I’ll probably work on the deletion case tomorrow, do some more extensive testing, then try it out in the 1.80 preview build (unstable beta) on steam.

8 Responses to “Speeding up Production Line (large factories)”

  1. Sam says:

    You can increase the lower bound on a route being affected by the new conveyor even further without significant additional work, I think. For, say, the E->D route, the best case distance involving the new conveyor is the Manhattan distance from D to the new conveyor, as you have, plus the Manhattan distance from the new conveyor to E. There’s still a pathological case – if both the slot and the new conveyor are central – but it should be a lot more limited. Not sure if this is necessary – it sounds like you’ve got your performance acceptable already – but might be worth a look.

  2. cliffski says:

    I’m not sure thats true, if I understand you correctly. Note that what I need to check here, is the nearest 2 import slots to each red slot. The closest importer to D are E and F, but that might change and become A and E with change.
    You are correct that the real difference to compare to is newpoint to D PLUS newpoint to the nearest importer to newpoint, not just newpoint to D, but the calculation of newpoint to its nearest importer is a big part of the code I’m trying to avoid calculating.

    There are probably way faster ways to do the whole thing, including a flood fill of the whole map that then stores every distances point to every other point in a massive matrix, but then that results in a hueg amount of stored data and potentially a lot of cache misses…

    I’m pleased with todays speedup anyway, because I thought I’d stopped optimizing ages ago :D

  3. Sam says:

    Ah, yes, I see what you’re saying. You need the closest importer to the new point, not the existing closest importer to the slot – but for the purposes of setting a bound on the routes that need calculating, you can use the Manhattan distance as in your existing optimisation, not a pathfound true distance, so it’s linear in the number of importers and happens once, at the creation of newpoint. If that saves even one actual route calculation it’s likely to be faster, right?

  4. Ryan says:

    I’m probably missing the context that precludes it, but couldn’t newly-placed conveyors trigger a flood-fill over the existing conveyor tiles to find connected production slots?

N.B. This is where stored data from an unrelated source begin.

text \<open>Given a colouring \<open>chi0\<close> of the \<open>r\<close>-subsets of \<open>[n]\<close> with \<open>k\<close> colours and no monochromatic
  \<open>(r+1)\<close>-set, and a vertex colouring \<open>c\<close> with \<open>n\<close> colours, colour an \<open>r\<close>-set \<open>S\<close> of vertices by
  \<open>chi0 (c ` S)\<close> if \<open>c\<close> is injective on \<open>S\<close>, and otherwise by one of a few extra colours
  recording two parities: of the number of colours on \<open>S\<close>, and of the size of the class of the
  smallest colour. Take an \<open>(r+1)\<close>-subset \<open>e\<close> of a hyperedge that is not monochromatic under \<open>c\<close>.
  If one \<open>r\<close>-subset of \<open>e\<close> is rainbow, monochromaticity forces all of them to be, so \<open>c\<close> is
  injective on \<open>e\<close> and \<open>c ` e\<close> would be monochromatic for \<open>chi0\<close>. If none is rainbow, deleting a
  vertex of unique colour and deleting a vertex of repeated colour change the first parity
  differently; if every colour is repeated, deleting a vertex of minimal colour or one of
  another colour changes the second parity differently.\<close>

text \<open>The second bit is the sum of the two parities rather than the second parity itself, so that
  the three patterns possible on a non-injective triple get the codes 0, 1, 2.\<close>

definition defect_code :: "('a \<Rightarrow> nat) \<Rightarrow> 'a set \<Rightarrow> nat" where
  "defect_code c S = 2 * (card (c ` S) mod 2) +
     (card (c ` S) + card {x \<in> S. c x = Min (c ` S)}) mod 2"

definition lifted_colouring ::
    "nat \<Rightarrow> nat \<Rightarrow> (nat set \<Rightarrow> nat) \<Rightarrow> ('a \<Rightarrow> nat) \<Rightarrow> 'a set \<Rightarrow> nat" where
  "lifted_colouring r k chi0 c S =
     (if inj_on c S then chi0 (c ` S) else k + (if r = 2 then 0 else defect_code c S))"

lemma two_bit_code_eqD:
  fixes a b a' b' :: nat
  assumes "2 * (a mod 2) + (a + b) mod 2 = 2 * (a' mod 2) + (a' + b') mod 2"
  shows "a mod 2 = a' mod 2" and "b mod 2 = b' mod 2"
proof -
  have "(a + b) mod 2 = (a mod 2 + b mod 2) mod 2" "(a' + b') mod 2 = (a' mod 2 + b' mod 2) mod 2"
    by (simp_all add: mod_add_eq)
  moreover have "a mod 2 \<in> {0, 1}" "b mod 2 \<in> {0, 1}" "a' mod 2 \<in> {0, 1}" "b' mod 2 \<in> {0, 1}"
    by auto
  ultimately show "a mod 2 = a' mod 2" "b mod 2 = b' mod 2"
    using assms by auto
qed

lemma defect_code_eqD:
  assumes "defect_code c S = defect_code c T"
  shows "card (c ` S) mod 2 = card (c ` T) mod 2"
    and "card {x \<in> S. c x = Min (c ` S)} mod 2 = card {x \<in> T. c x = Min (c ` T)} mod 2"
  using two_bit_code_eqD assms unfolding defect_code_def by blast+

lemma defect_code_less_card3:
  assumes "card S = 3" and "\<not> inj_on c S"
  shows "defect_code c S < 3"
proof -
  have "finite S" "S \<noteq> {}"
    using assms(1) card.infinite by fastforce+
  then have "card (c ` S) < 3" "card (c ` S) \<noteq> 0"
    using assms card_image_le[of S c] inj_on_iff_eq_card[of S c] by fastforce+
  then consider "card (c ` S) = 1" | "card (c ` S) = 2"
    by linarith
  then show ?thesis
  proof cases
    case 1
    then have "{x \<in> S. c x = Min (c ` S)} = S"
      by (fastforce elim: card_1_singletonE)
    then show ?thesis
      using 1 assms(1) by (simp add: defect_code_def)
  next
    case 2
    then show ?thesis
      by (simp add: defect_code_def)
  qed
qed

text \<open>For \<open>r \<ge> 4\<close> four extra colours always suffice.\<close>

lemma lifted_colouring_less:
  assumes "r \<ge> 2" and "card S = r" and "c ` S \<subseteq> {..<n}"
    and "\<forall>T. T \<subseteq> {..<n} \<and> card T = r \<longrightarrow> chi0 T < k"
  shows "lifted_colouring r k chi0 c S < k + fcol r"
proof (cases "inj_on c S")
  case True
  then have "chi0 (c ` S) < k"
    using assms by (simp add: card_image)
  then show ?thesis
    using True by (simp add: lifted_colouring_def)
next
  case False
  have "defect_code c S < 4"
    unfolding defect_code_def by simp
  moreover have "defect_code c S < 3" if "r = 3"
    using defect_code_less_card3 False assms(2) that by blast
  ultimately show ?thesis
    using False assms(1) by (auto simp: lifted_colouring_def fcol_def)
qed
theorem weighted_regret_bound:
  assumes "t \<le> K"
  shows "(1 - \<beta>) * (\<Sum>j=1..t. gap j * (\<Sum>k=j..t. \<alpha> k * \<beta> ^ (k - j)))
    \<le> CARD('d) * \<theta> * B\<^sup>2 / 2 + sqrt CARD('d) * (\<Sum>j=1..t. (\<alpha> j)\<^sup>2 * (\<theta>\<^sup>2 + (norm (g j))\<^sup>2))
        / (2 * (1 - \<beta>)\<^sup>2 * sqrt (1 - \<beta>2) * \<theta>)"
proof -
  define A where "A = (\<Sum>k=1..t. (\<alpha> k)\<^sup>2 * mom_dnorm2 k)"
  define W where "W = sqrt CARD('d) * (\<Sum>j=1..t. (\<alpha> j)\<^sup>2 * (\<theta>\<^sup>2 + (norm (g j))\<^sup>2))"
  have "A \<ge> 0" unfolding A_def using mom_dnorm2_nonneg by (simp add: sum_nonneg)
  have "(1 - \<beta>) * (\<Sum>j=1..t. gap j * (\<Sum>k=j..t. \<alpha> k * \<beta> ^ (k - j))) = (\<Sum>k=1..t. \<alpha> k * avg_gap k)"
    unfolding avg_gap_def sum_triangle_swap by (simp add: sum_distrib_left mult_ac)
  also have "\<dots> = (\<Sum>k=1..t. \<alpha> k * mom_gap k) + (\<Sum>k=1..t. \<alpha> k * past_progress k)"
    by (simp add: avg_gap_eq distrib_left sum.distrib)
  also have "\<dots> \<le> CARD('d) * \<theta> * B\<^sup>2 / 2 + (1/2 + \<beta> / (1 - \<beta>)) * A"
    using sum_alpha_mom_gap_le[OF assms] sum_alpha_past_progress_le[OF assms]
    unfolding A_def by (simp add: algebra_simps)
  also have "\<dots> \<le> CARD('d) * \<theta> * B\<^sup>2 / 2 + 1 / (2 * (1 - \<beta>)\<^sup>2) * (W / (\<theta> * sqrt (1 - \<beta>2)))"
    using half_plus_ratio_le[of \<beta>] sum_mom_dnorm2_le_sum_grad_norm[OF assms] \<open>A \<ge> 0\<close> beta
    unfolding A_def W_def by (intro add_left_mono mult_mono) auto
  also have "\<dots> = CARD('d) * \<theta> * B\<^sup>2 / 2 + W / (2 * (1 - \<beta>)\<^sup>2 * sqrt (1 - \<beta>2) * \<theta>)"
    by (simp add: field_simps)
  finally show ?thesis unfolding W_def .
qed

end

section \<open>Taking expectations\<close>

lemma integrable_square_of_nn_integral_le:
  fixes f :: "'a \<Rightarrow> real"
  assumes [measurable]: "f \<in> borel_measurable M"
    and bound: "(\<integral>\<^sup>+ \<omega>. ennreal ((f \<omega>)\<^sup>2) \<partial>M) \<le> ennreal (c\<^sup>2)"
  shows "integrable M (\<lambda>\<omega>. (f \<omega>)\<^sup>2)" "(\<integral>\<omega>. (f \<omega>)\<^sup>2 \<partial>M) \<le> c\<^sup>2"
proof -
  show int: "integrable M (\<lambda>\<omega>. (f \<omega>)\<^sup>2)"
    unfolding integrable_iff_bounded using bound by (simp add: le_less_trans)
  have "ennreal (\<integral>\<omega>. (f \<omega>)\<^sup>2 \<partial>M) \<le> ennreal (c\<^sup>2)"
    using nn_integral_eq_integral[OF int] bound by simp
  then show "(\<integral>\<omega>. (f \<omega>)\<^sup>2 \<partial>M) \<le> c\<^sup>2" by (simp add: ennreal_le_iff)
qed

lemma (in finite_measure) integrable_inner_of_bounded_square_integrable:
  fixes y g :: "'a \<Rightarrow> real^'d"
  assumes [measurable]: "y \<in> borel_measurable M" "g \<in> borel_measurable M"
    and "\<And>\<omega>. \<omega> \<in> space M \<Longrightarrow> norm (y \<omega> - x) \<le> R" and "integrable M (\<lambda>\<omega>. (norm (g \<omega>))\<^sup>2)"
  shows "integrable M (\<lambda>\<omega>. (y \<omega> - x) \<bullet> g \<omega>)"
proof (rule Bochner_Integration.integrable_bound)
  show "integrable M (\<lambda>\<omega>. R * norm (g \<omega>))"
    using square_integrable_imp_integrable[of "\<lambda>\<omega>. norm (g \<omega>)"] assms(4) by simp
  show "AE \<omega> in M. norm ((y \<omega> - x) \<bullet> g \<omega>) \<le> norm (R * norm (g \<omega>))"
  proof (rule AE_I2)
    fix \<omega> assume "\<omega> \<in> space M"
    then show "norm ((y \<omega> - x) \<bullet> g \<omega>) \<le> norm (R * norm (g \<omega>))"
      using assms(3) Cauchy_Schwarz_ineq2[of "y \<omega> - x" "g \<omega>"] mult_right_mono[of _ _ "norm (g \<omega>)"]
      by fastforce
  qed
qed simp

lemma (in prob_space) expectation_sum_le_of_pointwise:
  fixes f h :: "'i \<Rightarrow> 'a \<Rightarrow> real"
  assumes "finite J" "\<And>j. j \<in> J \<Longrightarrow> integrable M (f j)" "\<And>j. j \<in> J \<Longrightarrow> integrable M (h j)"
    and "\<And>\<omega>. \<omega> \<in> space M \<Longrightarrow> (\<Sum>j\<in>J. f j \<omega>) \<le> C + (\<Sum>j\<in>J. h j \<omega>)"
  shows "(\<Sum>j\<in>J. expectation (f j)) \<le> C + (\<Sum>j\<in>J. expectation (h j))"
proof -
  have "(\<Sum>j\<in>J. expectation (f j)) = expectation (\<lambda>\<omega>. \<Sum>j\<in>J. f j \<omega>)"
    using assms(2) by (simp add: Bochner_Integration.integral_sum)
  also have "\<dots> \<le> expectation (\<lambda>\<omega>. C + (\<Sum>j\<in>J. h j \<omega>))"
    using assms by (intro Bochner_Integration.integral_mono) auto
  also have "\<dots> = C + (\<Sum>j\<in>J. expectation (h j))"
    using assms(3) by (simp add: prob_space Bochner_Integration.integral_sum)
  finally show ?thesis .
qed

theorem expected_weighted_regret_bound:
  fixes M :: "'a measure" and X :: "(real^'d) set" and y g :: "nat \<Rightarrow> 'a \<Rightarrow> real^'d"
    and \<beta> \<beta>2 \<theta> B G :: real and \<alpha> :: "nat \<Rightarrow> real"
  assumes "prob_space M"
    and path: "\<And>\<omega>. \<omega> \<in> space M \<Longrightarrow> apriad_path X \<beta> \<beta>2 \<theta> B \<alpha> K (\<lambda>j. g j \<omega>) (\<lambda>j. y j \<omega>) x"
    and [measurable]: "\<And>j. y j \<in> borel_measurable M" "\<And>j. g j \<in> borel_measurable M"
    and moment: "\<And>k. k \<in> {1..K} \<Longrightarrow> (\<integral>\<^sup>+ \<omega>. ennreal ((norm (g k \<omega>))\<^sup>2) \<partial>M) \<le> ennreal (G\<^sup>2)"
    and t: "t \<le> K"
  shows "(1 - \<beta>) * (\<Sum>j=1..t. (\<integral>\<omega>. (y j \<omega> - x) \<bullet> g j \<omega> \<partial>M) * (\<Sum>k=j..t. \<alpha> k * \<beta> ^ (k - j)))
    \<le> CARD('d) * \<theta> * B\<^sup>2 / 2
       + sqrt CARD('d) * (\<theta>\<^sup>2 + G\<^sup>2) * (\<Sum>j=1..t. (\<alpha> j)\<^sup>2) / (2 * (1 - \<beta>)\<^sup>2 * sqrt (1 - \<beta>2) * \<theta>)"
proof -
  interpret prob_space M by fact
  obtain \<omega>0 where "\<omega>0 \<in> space M" using not_empty by blast
  interpret P0: apriad_path X \<beta> \<beta>2 \<theta> B \<alpha> K "\<lambda>j. g j \<omega>0" "\<lambda>j. y j \<omega>0" x by (rule path) fact
  define c where "c = sqrt CARD('d) / (2 * (1 - \<beta>)\<^sup>2 * sqrt (1 - \<beta>2) * \<theta>)"
  have "c \<ge> 0" unfolding c_def using P0.beta2 P0.theta by simp
  note square = integrable_square_of_nn_integral_le[OF _ moment]
  have gap_integrable: "integrable M (\<lambda>\<omega>. (y j \<omega> - x) \<bullet> g j \<omega>)" if j: "j \<in> {1..t}" for j
  proof (rule integrable_inner_of_bounded_square_integrable)
    fix \<omega> assume "\<omega> \<in> space M"
    then interpret P: apriad_path X \<beta> \<beta>2 \<theta> B \<alpha> K "\<lambda>j. g j \<omega>" "\<lambda>j. y j \<omega>" x by (rule path)
    show "norm (y j \<omega> - x) \<le> CARD('d) * B" using P.norm_iterate_diff_le j t by auto
  qed (use square(1) j t in auto)
  define \<Gamma> where "\<Gamma> j = (\<Sum>k=j..t. \<alpha> k * \<beta> ^ (k - j))" for j
  have "(1 - \<beta>) * (\<Sum>j=1..t. (\<integral>\<omega>. (y j \<omega> - x) \<bullet> g j \<omega> \<partial>M) * \<Gamma> j)
      = (\<Sum>j=1..t. expectation (\<lambda>\<omega>. (1 - \<beta>) * (((y j \<omega> - x) \<bullet> g j \<omega>) * \<Gamma> j)))"
    by (simp add: sum_distrib_left)
  also have "\<dots> \<le> CARD('d) * \<theta> * B\<^sup>2 / 2 + (\<Sum>j=1..t. expectation (\<lambda>\<omega>. c * ((\<alpha> j)\<^sup>2 * (\<theta>\<^sup>2 + (norm (g j \<omega>))\<^sup>2))))"
  proof (rule expectation_sum_le_of_pointwise)
    fix \<omega> assume "\<omega> \<in> space M"
    then interpret P: apriad_path X \<beta> \<beta>2 \<theta> B \<alpha> K "\<lambda>j. g j \<omega>" "\<lambda>j. y j \<omega>" x by (rule path)
    show "(\<Sum>j=1..t. (1 - \<beta>) * (((y j \<omega> - x) \<bullet> g j \<omega>) * \<Gamma> j))
        \<le> CARD('d) * \<theta> * B\<^sup>2 / 2 + (\<Sum>j=1..t. c * ((\<alpha> j)\<^sup>2 * (\<theta>\<^sup>2 + (norm (g j \<omega>))\<^sup>2)))"
      using P.weighted_regret_bound[OF t] unfolding P.gap_def c_def \<Gamma>_def
      by (simp add: sum_distrib_left sum_divide_distrib)
  qed (use gap_integrable square t in auto)
  also have "\<dots> \<le> CARD('d) * \<theta> * B\<^sup>2 / 2 + (\<Sum>j=1..t. c * ((\<alpha> j)\<^sup>2 * (\<theta>\<^sup>2 + G\<^sup>2)))"
  proof (intro add_left_mono sum_mono)
    fix j assume "j \<in> {1..t}"
    then have "expectation (\<lambda>\<omega>. (norm (g j \<omega>))\<^sup>2) \<le> G\<^sup>2" "integrable M (\<lambda>\<omega>. (norm (g j \<omega>))\<^sup>2)"
      using square t by auto
    then show "expectation (\<lambda>\<omega>. c * ((\<alpha> j)\<^sup>2 * (\<theta>\<^sup>2 + (norm (g j \<omega>))\<^sup>2))) \<le> c * ((\<alpha> j)\<^sup>2 * (\<theta>\<^sup>2 + G\<^sup>2))"
      using \<open>c \<ge> 0\<close> by (simp add: prob_space mult_left_mono)
  qed
  also have "(\<Sum>j=1..t. c * ((\<alpha> j)\<^sup>2 * (\<theta>\<^sup>2 + G\<^sup>2))) = c * (\<theta>\<^sup>2 + G\<^sup>2) * (\<Sum>j=1..t. (\<alpha> j)\<^sup>2)"
    by (simp add: sum_distrib_left mult_ac)
  finally show ?thesis unfolding \<Gamma>_def c_def by simp
qed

    This would avoid the (possibly rare?) case where we find ourselves pointlessly recalculating paths for nearby but disconnected conveyor graphs.

    • Cliff Harris says:

      the objective is to ensure routes from slots to importers are the shortest routes to the two nearest importers. Thats all that matters, so if I place down a new conveyor and its in the middle of nowhere, or doesn’t change the shortest routes for any slot, then nothing needs recalculating.

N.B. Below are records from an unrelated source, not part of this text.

lemma is_max_word_shuffle:
  assumes u: "is_max_word u a" and v: "is_max_word v b"
    and lead: "\<And>x y w. x \<le> a \<Longrightarrow> y \<le> b \<Longrightarrow> w \<in> shuffles x y \<Longrightarrow>
      w < a @ b \<or> (w = a @ b \<and> x = a \<and> y = b)"
    and nz: "shuffle_word p B a b (a @ b) \<noteq> 0"
  shows "is_max_word (shuffle p B u v) (a @ b)"
proof -
  have fin: "finite (supp u)" "finite (supp v)" and "u a \<noteq> 0" "v b \<noteq> 0"
    and le: "\<And>x. u x \<noteq> 0 \<Longrightarrow> x \<le> a" "\<And>y. v y \<noteq> 0 \<Longrightarrow> y \<le> b"
    using u v by (auto simp: is_max_word_iff)
  have lead': "w < a @ b \<or> (w = a @ b \<and> x = a \<and> y = b)"
    if "u x \<noteq> 0" "v y \<noteq> 0" "shuffle_word p B x y w \<noteq> 0" for x y w
    using lead le that shuffle_word_nonzero_in_shuffles by blast
  then have "shuffle p B u v (a @ b) = u a * v b * shuffle_word p B a b (a @ b)"
    by (intro shuffle_eq_single_term[OF fin]) (meson order.irrefl)
  with \<open>u a \<noteq> 0\<close> \<open>v b \<noteq> 0\<close> nz have "shuffle p B u v (a @ b) \<noteq> 0" by simp
  moreover have "w \<le> a @ b" if "shuffle p B u v w \<noteq> 0" for w
    using that by (elim shuffle_nonzeroE) (auto dest: lead')
  ultimately show ?thesis using finite_supp_shuffle[OF fin] by (simp add: is_max_word_iff)
qed

theorem mainTheorem8:
  fixes p :: "'i::{linorder, finite} \<Rightarrow> bool"
    and B :: "'i \<Rightarrow> 'i \<Rightarrow> int"
    and wi wj :: "'i list"
  assumes "super_cartan_datum p B"
    and "dominant_lyndon p B wi"
    and "dominant p B wj"
    and "wi = wj \<or> word_less wj wi"
    and "isotropic_odd p B wi \<longrightarrow> wi \<noteq> wj"
  shows "dominant p B (wi @ wj)"
proof -
  have ly: "lyndon wi" and "wj \<le> wi"
    using assms(2,4) by (auto simp: dominant_lyndon_def word_less_iff_less)
  obtain u where u: "u \<in> Ualg p B" "is_max_word u wi"
    using assms(2) by (auto simp: dominant_lyndon_def dominant_def)
  obtain v where v: "v \<in> Ualg p B" "is_max_word v wj"
    using assms(3) by (auto simp: dominant_def)
  have max: "is_max_word (shuffle p B u v) (wi @ wj)"
    using is_max_word_shuffle[OF u(2) v(2)] lyndon_shuffle_le_append[OF ly _ _ \<open>wj \<le> wi\<close>]
      lyndon_shuffle_word_append_nonzero[OF ly \<open>wj \<le> wi\<close> assms(5)] by blast
  moreover from max have "shuffle p B u v \<noteq> (\<lambda>_. 0)" by (auto simp: is_max_word_def)
  moreover have "shuffle p B u v \<in> Ualg p B" using u(1) v(1) by (rule Ualg.mult)
  ultimately show ?thesis unfolding dominant_def by blast
qed

end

      A flood fill from a new conveyor tells me the shortest dist from it to any slots, but until we route from the slot to each importer i havcent actually found any useful data, which is why I do it from slot –> importer (and where the new conveyor may or may not be part of that route).

      • Ryan says:

        Apologies, I haven’t been clear. The flood-fill is not intended to calculate path lengths, but just as a way to find the production slots for which paths should be recalculated – those that are connected to the newly-placed conveyor. It could obviously be combined with the technique described in the post: flood fill to find connected slots, then distance check to disregard slots whose paths cannot be improved by the new conveyor.

        Given that recomputing paths is the expensive operation, it should be worthwhile to spend a bit more time on working out if it’s actually necessary. Assuming a reasonable conveyor graph I’d be surprised if the floodfill was even particularly expensive, although I’m sure you’d encounter players who would confound that assumption.

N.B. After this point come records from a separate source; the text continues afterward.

(* Let $A$ and $B$ be finite-dimensional Hilbert spaces. For any $\mathcal{T}\in\mathrm{TPCP}(B,A)$, any $\sigma\in\mathrm{P}(A)$ and any $\mathcal{N}\in\mathrm{TPCP}(A,B)$, the function $\Delta_{\mathcal{T},\sigma,\mathcal{N}}:\mathrm{S}_\sigma(A)\to\mathbb{R}\cup\{-\infty\}$, \[ \Delta_{\mathcal{T},\sigma,\mathcal{N}}(\rho):=D(\rho\|\sigma)-D\bigl(\mathcal{N}(\rho)\|\mathcal{N}(\sigma)\bigr)-D_{\mathbb{M}}\bigl(\rho\,\|\,(\mathcal{T}\circ\mathcal{N})(\rho)\bigr), \] is upper semicontinuous.
   Context: $\mathrm{S}(A)$: density operators on $A$; $\mathrm{P}(A)$: non-negative operators on $A$; $\mathrm{TPCP}(A,B)$: quantum channels from $A$ to $B$. $\mathrm{S}_\sigma(A):=\{\rho\in\mathrm{S}(A):\mathrm{supp}(\rho)\subseteq\mathrm{supp}(\sigma)\}$. $D(\rho\|\sigma):=\mathrm{tr}(\rho(\log\rho-\log\sigma))$ if $\mathrm{supp}(\rho)\subseteq\mathrm{supp}(\sigma)$, $+\infty$ otherwise. $D_{\mathbb{M}}(\rho\|\tau):=\sup D(\mathcal{M}(\rho)\|\mathcal{M}(\tau))$ over all finite POVMs $\{M_x\}$ with $\mathcal{M}(\omega)=\sum_x\mathrm{tr}(\omega M_x)|x\rangle\langle x|$. *)

theory Defs
  imports "HOL-Analysis.Analysis"
begin

text \<open>Operators on a finite-dimensional Hilbert space A are complex matrices
  indexed by a finite type 'a, i.e. elements of complex^'a^'a (with the
  Euclidean topology of this finite-dimensional space).\<close>

definition cadj :: "complex^'n^'m \<Rightarrow> complex^'m^'n" where
  "cadj M = (\<chi> i j. cnj (M $ j $ i))"

definition cinner :: "complex^'n \<Rightarrow> complex^'n \<Rightarrow> complex" where
  "cinner v w = (\<Sum>i\<in>UNIV. cnj (v $ i) * w $ i)"

definition psd :: "complex^'n^'n \<Rightarrow> bool" where
  "psd M \<longleftrightarrow> (\<forall>v. cinner v (M *v v) \<in> \<real> \<and> 0 \<le> Re (cinner v (M *v v)))"

definition density :: "complex^'n^'n \<Rightarrow> bool" where
  "density \<rho> \<longleftrightarrow> psd \<rho> \<and> trace \<rho> = 1"

definition supp :: "complex^'n^'n \<Rightarrow> (complex^'n) set" where
  "supp M = range (\<lambda>v. M *v v)"

definition S_sub :: "complex^'n^'n \<Rightarrow> (complex^'n^'n) set" where
  "S_sub \<sigma> = {\<rho>. density \<rho> \<and> supp \<rho> \<subseteq> supp \<sigma>}"

definition unitary_mat :: "complex^'n^'n \<Rightarrow> bool" where
  "unitary_mat U \<longleftrightarrow> cadj U ** U = mat 1 \<and> U ** cadj U = mat 1"

definition diag_mat :: "('n \<Rightarrow> real) \<Rightarrow> complex^'n^'n" where
  "diag_mat l = (\<chi> i j. if i = j then complex_of_real (l i) else 0)"

definition mat_fun :: "(real \<Rightarrow> real) \<Rightarrow> complex^'n^'n \<Rightarrow> complex^'n^'n" where
  "mat_fun f M = (SOME B. \<exists>U l. unitary_mat U \<and> M = U ** diag_mat l ** cadj U
                          \<and> B = U ** diag_mat (f \<circ> l) ** cadj U)"

text \<open>Logarithm on the support (eigenvalue 0 is sent to 0; this implements the
  usual convention 0 log 0 = 0 and restriction to the support).\<close>
definition mat_log :: "complex^'n^'n \<Rightarrow> complex^'n^'n" where
  "mat_log M = mat_fun (\<lambda>x. if x > 0 then ln x else 0) M"

definition rel_ent :: "complex^'n^'n \<Rightarrow> complex^'n^'n \<Rightarrow> ereal" where
  "rel_ent \<rho> \<sigma> = (if supp \<rho> \<subseteq> supp \<sigma>
      then ereal (Re (trace (\<rho> ** (mat_log \<rho> - mat_log \<sigma>)))) else \<infinity>)"

definition tpcp :: "(complex^'a^'a \<Rightarrow> complex^'b^'b) \<Rightarrow> bool" where
  "tpcp N \<longleftrightarrow> (\<exists>(m::nat) (K :: nat \<Rightarrow> complex^'a^'b).
      N = (\<lambda>X. \<Sum>k<m. K k ** X ** cadj (K k)) \<and>
      (\<Sum>k<m. cadj (K k) ** K k) = mat 1)"

definition povm :: "nat \<Rightarrow> (nat \<Rightarrow> complex^'n^'n) \<Rightarrow> bool" where
  "povm n M \<longleftrightarrow> (\<forall>x<n. psd (M x)) \<and> (\<Sum>x<n. M x) = mat 1"

definition classical_rel_ent :: "nat \<Rightarrow> (nat \<Rightarrow> real) \<Rightarrow> (nat \<Rightarrow> real) \<Rightarrow> ereal" where
  "classical_rel_ent n p q = (if (\<forall>x<n. q x = 0 \<longrightarrow> p x = 0)
      then ereal (\<Sum>x\<in>{x. x < n \<and> p x \<noteq> 0}. p x * (ln (p x) - ln (q x))) else \<infinity>)"

definition meas_rel_ent :: "complex^'n^'n \<Rightarrow> complex^'n^'n \<Rightarrow> ereal" where
  "meas_rel_ent \<rho> \<tau> = (SUP (n, M) \<in> {(n, M). povm n M}.
      classical_rel_ent n (\<lambda>x. Re (trace (\<rho> ** M x))) (\<lambda>x. Re (trace (\<tau> ** M x))))"

definition usc_on :: "'a::topological_space set \<Rightarrow> ('a \<Rightarrow> ereal) \<Rightarrow> bool" where
  "usc_on S f \<longleftrightarrow> (\<forall>x\<in>S. \<forall>c. f x < c \<longrightarrow> (\<forall>\<^sub>F y in at x within S. f y < c))"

        • Cliff Harris says:

          in 95% of cases the flood-fill is not expensive, but you would be amazed just how expensive it gets on a 200×200 map when you delete something (or add something) right in the center, especially when the map is nearly full and half the tiles represent conveyor belt intersections.

  5. Cliff Harris says:

    Yup, I am currently using manhattan distances, I’m not actually working out the real route, I’m using manhattan as the worst case (shortest possible).